Интереснее, чем злая воля этих зачинщиков, то, как далеко они смогли убежать. Ибо самое показательное в деле с фреской Уистлера - это не то, что пронзительные и чрезмерно мегафонные голоса заставили себя услышать. И не то, что произведение искусства должно было пострадать от такого стратосферного контекстного коллапса. Скорее, дело в том, что попечители Тейт, чья работа заключается в сохранении исторической национальной коллекции, должны были вместо этого судить произведение, находящееся под их опекой, и так непристойно исказить его. Из-за них "самая забавная комната в Европе" за несколько месяцев превратилась в "бело-супрематический" ресторан, прославляющий рабство.
Что они могли бы сделать вместо этого? Они могли бы сказать, что персонажи, на которых жалуются, - это мельчайшие детали в произведении, которое просто кишит деталями. Они могли бы указать на то, что художественные галереи, такие как Тейт, абсолютно полны художественных деталей, которые могут показаться тревожными. Галереи эпохи Возрождения заполнены распятиями и мучениками. В большинстве галерей есть значительное количество обнаженных или полуобнаженных тел. Как правило, есть несколько изнасилований. А в современных галереях (не в последнюю очередь на выставках финалистов премии Тернера, которые Тейт устраивает каждый год) можно увидеть такое, что Уистлеру не привиделось бы и в самом страшном кошмаре.
Попечители, возможно, потрудились бы возразить против аисторического и антихудожественного навязывания Джорджа Флойда деликатному и причудливому произведению искусства, созданному столетием ранее. И они могли бы указать на то, что произведение искусства и политический манифест - разные вещи. Как роман, в котором упоминается рабство, не означает, что автор прославляет рабство, так и произведение искусства, изображающее нечто злое, не означает, что художник каким-то образом призывает к этому. Однако попечители Тейт не сделали ничего из перечисленного. Вместо этого они признали, что паровой каток современной политической моды имеет полное право раздавить произведение, находящееся под их опекой. Они фактически согласились с ужасающим утверждением, что Рекс Уистлер был каким-то прорабом, сторонником империи, расистом, белым супремасистом. А поскольку Уистлер не так часто попадает в новости и был убит до того, как оставил прямых потомков, которые могли бы его защищать, у такого необычного и запредельного утверждения есть шанс устоять. Так что спустя восемьдесят лет после того, как он отдал свою жизнь борьбе с нацизмом, Уистлер теперь стоит, очерненный галереей, над которой он трудился месяцами.

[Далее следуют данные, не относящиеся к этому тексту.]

lemma fspan_base: "f \<in> S \<Longrightarrow> f \<in> fspan S"
  unfolding fspan_def by (rule CollectI, rule exI[of _ "{f}"], rule exI[of _ "\<lambda>_. 1"]) auto

lemma fspan_mono: "S \<subseteq> S' \<Longrightarrow> fspan S \<subseteq> fspan S'"
  unfolding fspan_def by blast

lemma fspan_scale_add:
  assumes "f \<in> fspan S" "g \<in> fspan S"
  shows "(\<lambda>x. a * f x + g x) \<in> fspan S"
proof -
  obtain T1 c1 where T1: "finite T1" "T1 \<subseteq> S" "f = (\<lambda>x. \<Sum>h\<in>T1. c1 h * h x)"
    using assms(1) unfolding fspan_def by blast
  obtain T2 c2 where T2: "finite T2" "T2 \<subseteq> S" "g = (\<lambda>x. \<Sum>h\<in>T2. c2 h * h x)"
    using assms(2) unfolding fspan_def by blast
  define c where "c h = a * (if h \<in> T1 then c1 h else 0) + (if h \<in> T2 then c2 h else 0)" for h
  have "a * f x + g x = (\<Sum>h\<in>T1 \<union> T2. c h * h x)" for x
  proof -
    have "(\<Sum>h\<in>T1 \<union> T2. c h * h x) = a * (\<Sum>h\<in>T1 \<union> T2. if h \<in> T1 then c1 h * h x else 0)
       + (\<Sum>h\<in>T1 \<union> T2. if h \<in> T2 then c2 h * h x else 0)"
      unfolding c_def sum_distrib_left sum.distrib[symmetric]
      by (rule sum.cong) (auto simp: algebra_simps)
    also have "\<dots> = a * f x + g x"
      using T1 T2 sum.inter_restrict[of "T1 \<union> T2" "\<lambda>h. c1 h * h x" T1]
        sum.inter_restrict[of "T1 \<union> T2" "\<lambda>h. c2 h * h x" T2]
      by (simp add: Int_absorb1 Int_absorb2 Un_Int_eq)
    finally show ?thesis by simp
  qed
  then show ?thesis
    unfolding fspan_def using T1 T2 by blast
qed

lemma fspan_sum:
  "finite I \<Longrightarrow> (\<And>i. i \<in> I \<Longrightarrow> f i \<in> fspan S) \<Longrightarrow> (\<lambda>x. \<Sum>i\<in>I. a i * f i x) \<in> fspan S"
proof (induction I rule: finite_induct)
  case (insert i I)
  then show ?case
    using fspan_scale_add[of "f i" S "\<lambda>x. \<Sum>i\<in>I. a i * f i x" "a i"] by simp
qed (simp add: fspan_zero)

lemma bspl_in_fspan_children:
  assumes "n \<ge> 1" and children: "\<And>c. c \<in> ch n m \<psi> \<Longrightarrow> bspl n m c \<in> fspan S"
  shows "bspl n m (\<psi> :: 'd::finite bidx) \<in> fspan S"
proof -
  obtain l i where \<psi>: "\<psi> = (l, i)"
    by (cases \<psi>)
  define P where "P = PiE (UNIV :: 'd set) (\<lambda>_. {..(n - 1) * m})"
  have "(Suc l, \<chi> k. int n * i $ k + int (p k)) \<in> ch n m \<psi>" if "p \<in> P" for p
  proof -
    have "int (p k) \<le> (int n - 1) * int m" for k
    proof -
      have "p k \<le> (n - 1) * m"
        using PiE_mem[OF that[unfolded P_def], of k] by simp
      then have "int (p k) \<le> int ((n - 1) * m)"
        by (simp only: of_nat_le_iff)
      also have "\<dots> = (int n - 1) * int m"
        using assms(1) by (simp add: of_nat_diff)
      finally show ?thesis .
    qed
    then show ?thesis
      unfolding ch_def \<psi> by auto
  qed
  moreover have "finite P"
    unfolding P_def by (rule finite_PiE) auto
  ultimately show ?thesis
    unfolding \<psi> bspl_refinement[OF assms(1), of m l i] P_def[symmetric]
    by (intro fspan_sum) (auto intro: children[unfolded \<psi>])
qed

lemma fst_ch: "c \<in> ch n m \<psi> \<Longrightarrow> fst c = Suc (fst \<psi>)"
  unfolding ch_def by auto

lemma fst_B0: "c \<in> B0 m \<Longrightarrow> fst c = 0"
  unfolding B0_def by auto

lemma chS_mono: "S \<subseteq> S' \<Longrightarrow> chS n m S \<subseteq> chS n m S'"
  unfolding chS_def by blast

lemma chS_singleton: "chS n m {\<psi>} = ch n m \<psi>"
  unfolding chS_def by simp

lemma chk_Suc: "chk n m (Suc k) S = chS n m (chk n m k S)"
  unfolding chk_def by simp

lemma chk_Suc_right: "chk n m (Suc k) S = chk n m k (chS n m S)"
  unfolding chk_def by (simp add: funpow_Suc_right del: funpow.simps)

lemma chk_mono: "S \<subseteq> S' \<Longrightarrow> chk n m k S \<subseteq> chk n m k S'"
  by (induction k) (simp_all add: chk_def chS_mono)

lemma ch_subset_desc: "ch n m \<psi> \<subseteq> desc n m \<psi>"
  unfolding desc_def using chS_singleton[of n m \<psi>]
  by (intro subsetI UN_I[of 1]) (auto simp: chk_def)

lemma desc_ch_subset_desc:
  assumes "c \<in> ch n m \<psi>"
  shows "desc n m c \<subseteq> desc n m \<psi>"
proof
  fix x
  assume "x \<in> desc n m c"
  then obtain k where "k \<ge> 1" "x \<in> chk n m k {c}"
    unfolding desc_def by auto
  moreover have "chk n m k {c} \<subseteq> chk n m k (chS n m {\<psi>})"
    using assms by (intro chk_mono) (simp add: chS_singleton)
  ultimately have "x \<in> chk n m (Suc k) {\<psi>}"
    unfolding chk_Suc_right by blast
  then show "x \<in> desc n m \<psi>"
    unfolding desc_def by auto
qed

lemma bspl_in_fspan_hgen_desc:
  assumes "n \<ge> 1" and L: "lineage n m L" and "\<psi> \<in> L"
  shows "bspl n m \<psi> \<in> fspan (bspl n m ` (hgen n m L \<inter> desc n m \<psi>))"
  using \<open>\<psi> \<in> L\<close>
proof (induction "Max (fst ` L) - fst \<psi>" arbitrary: \<psi> rule: less_induct)
  case less
  show ?case
  proof (rule bspl_in_fspan_children[OF \<open>n \<ge> 1\<close>])
    fix c
    assume c: "c \<in> ch n m \<psi>"
    show "bspl n m c \<in> fspan (bspl n m ` (hgen n m L \<inter> desc n m \<psi>))"
    proof (cases "c \<in> L")
      case True
      have "fst c \<le> Max (fst ` L)"
        using L True by (simp add: lineage_def)
      then have "Max (fst ` L) - fst c < Max (fst ` L) - fst \<psi>"
        using fst_ch[OF c] by simp
      then have "bspl n m c \<in> fspan (bspl n m ` (hgen n m L \<inter> desc n m c))"
        using less.hyps True by blast
      also have "\<dots> \<subseteq> fspan (bspl n m ` (hgen n m L \<inter> desc n m \<psi>))"
        using desc_ch_subset_desc[OF c] by (intro fspan_mono) blast
      finally show ?thesis .
    next
      case False
      then have "c \<in> hgen n m L \<inter> desc n m \<psi>"
        using c less.prems ch_subset_desc unfolding hgen_def chS_def by blast
      then show ?thesis
        by (intro fspan_base) auto
    qed
  qed
qed

lemma lev_B0_chS_Suc:
  "lev (B0 m \<union> chS n m L) (Suc j) = chS n m (lev L j)"
proof
  show "lev (B0 m \<union> chS n m L) (Suc j) \<subseteq> chS n m (lev L j)"
  proof
    fix \<phi>
    assume "\<phi> \<in> lev (B0 m \<union> chS n m L) (Suc j)"
    then obtain \<psi> where \<psi>: "\<psi> \<in> L" "\<phi> \<in> ch n m \<psi>" and "fst \<phi> = Suc j"
      unfolding lev_def chS_def by (auto dest: fst_B0)
    then have "\<psi> \<in> lev L j"
      using fst_ch[OF \<psi>(2)] unfolding lev_def by simp
    with \<psi>(2) show "\<phi> \<in> chS n m (lev L j)"
      unfolding chS_def by blast
  qed
qed (auto simp: lev_def chS_def dest: fst_ch)

lemma lev_B0_chS_subset_chk:
  assumes "L \<subseteq> B0 m \<union> chS n m L"
  shows "lev (B0 m \<union> chS n m L) (l + Suc k) \<subseteq> chk n m (Suc k) (lev L l)"
proof (induction k)
  case 0
  then show ?case
    by (simp add: lev_B0_chS_Suc chk_def)
next
  case (Suc k)
  have "lev L (l + Suc k) \<subseteq> lev (B0 m \<union> chS n m L) (l + Suc k)"
    using assms unfolding lev_def by blast
  with Suc.IH have IH: "lev L (l + Suc k) \<subseteq> chk n m (Suc k) (lev L l)"
    by blast
  have "lev (B0 m \<union> chS n m L) (l + Suc (Suc k)) = chS n m (lev L (l + Suc k))"
    using lev_B0_chS_Suc[of m n L "l + Suc k"] by simp
  also have "\<dots> \<subseteq> chS n m (chk n m (Suc k) (lev L l))"
    using IH by (rule chS_mono)
  also have "\<dots> = chk n m (Suc (Suc k)) (lev L l)"
    by (rule chk_Suc[symmetric])
  finally show ?case .
qed

theorem lemma4p5:
  fixes n m :: nat and L :: "'d::finite bidx set"
  assumes "n \<ge> 2" and "m \<ge> 2" and "lineage n m L"
  shows "(\<forall>\<psi>\<in>L. bspl n m \<psi> \<in> fspan (bspl n m ` (hgen n m L \<inter> desc n m \<psi>)))
       \<and> (\<forall>l k. k \<ge> 1 \<longrightarrow> lev (hgen n m L) (l + k) \<subseteq> chk n m k (lev L l))"
proof (intro conjI ballI allI impI)
  fix \<psi>
  assume "\<psi> \<in> L"
  then show "bspl n m \<psi> \<in> fspan (bspl n m ` (hgen n m L \<inter> desc n m \<psi>))"
    using assms by (intro bspl_in_fspan_hgen_desc) auto
next
  fix l k :: nat
  assume "k \<ge> 1"
  then obtain k' where k: "k = Suc k'"
    using not0_implies_Suc by fastforce
  have "lev (hgen n m L) (l + k) \<subseteq> lev (B0 m \<union> chS n m L) (l + Suc k')"
    unfolding hgen_def lev_def k by blast
  also have "\<dots> \<subseteq> chk n m k (lev L l)"
    using assms(3) unfolding k lineage_def by (intro lev_B0_chS_subset_chk) auto
  finally show "lev (hgen n m L) (l + k) \<subseteq> chk n m k (lev L l)" .
qed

Наблюдать за тем, как Рекс Уистлер проходит через этот мстительный круговорот, как-то хуже, чем за другими случаями. Его искусство никогда не было политическим. И никогда не должно было доказывать свою правоту в столь заведомо враждебном современном свете.
РАСИСТСКАЯ ЛИТЕРАТУРА
К сожалению, через этот цикл, через который прошел Уистлер, прошел не только он. За последние несколько лет почти каждая великая фигура в истории западного искусства подверглась точно такому же процессу. Всегда от рук людей, которые варьируются от полуинформированных до неосведомленных. Всегда подвергается одной и той же грубой форме нападок. И почти всегда на них отвечают люди, возглавляющие некоторые из наших великих культурных институтов - предполагаемые хранители наследия, - которые поднимают белый флаг капитуляции, как только раздается первый выстрел со стороны людей, которые явно являются плохими актерами.
Почти все в истории литературы подверглось такому же, отупляющему, безжалостному, по-кендиевски жестокому обращению. Университеты, объявившие, что их учебные программы будут "деколо низированы" или "диверсифицированы", всегда попадают в одну и ту же безжалостную колею. В своей работе "Марксизм и литература", вышедшей в 1977 году, Раймонд Уильямс печально заявил, что в грядущей масштабной культурной революции все должно исчезнуть - все достижения цивилизации, включая саму литературу. Даже самые преданные последователи Уильямса с трудом восприняли это предположение, не в последнюю очередь потому, что почти все они занимали университетские кафедры по изучению литературы. Но в своей надежде на будущее, где вся литература будет сметена с пути, оставив лишь память о настоящем, он, похоже, опередил свое время.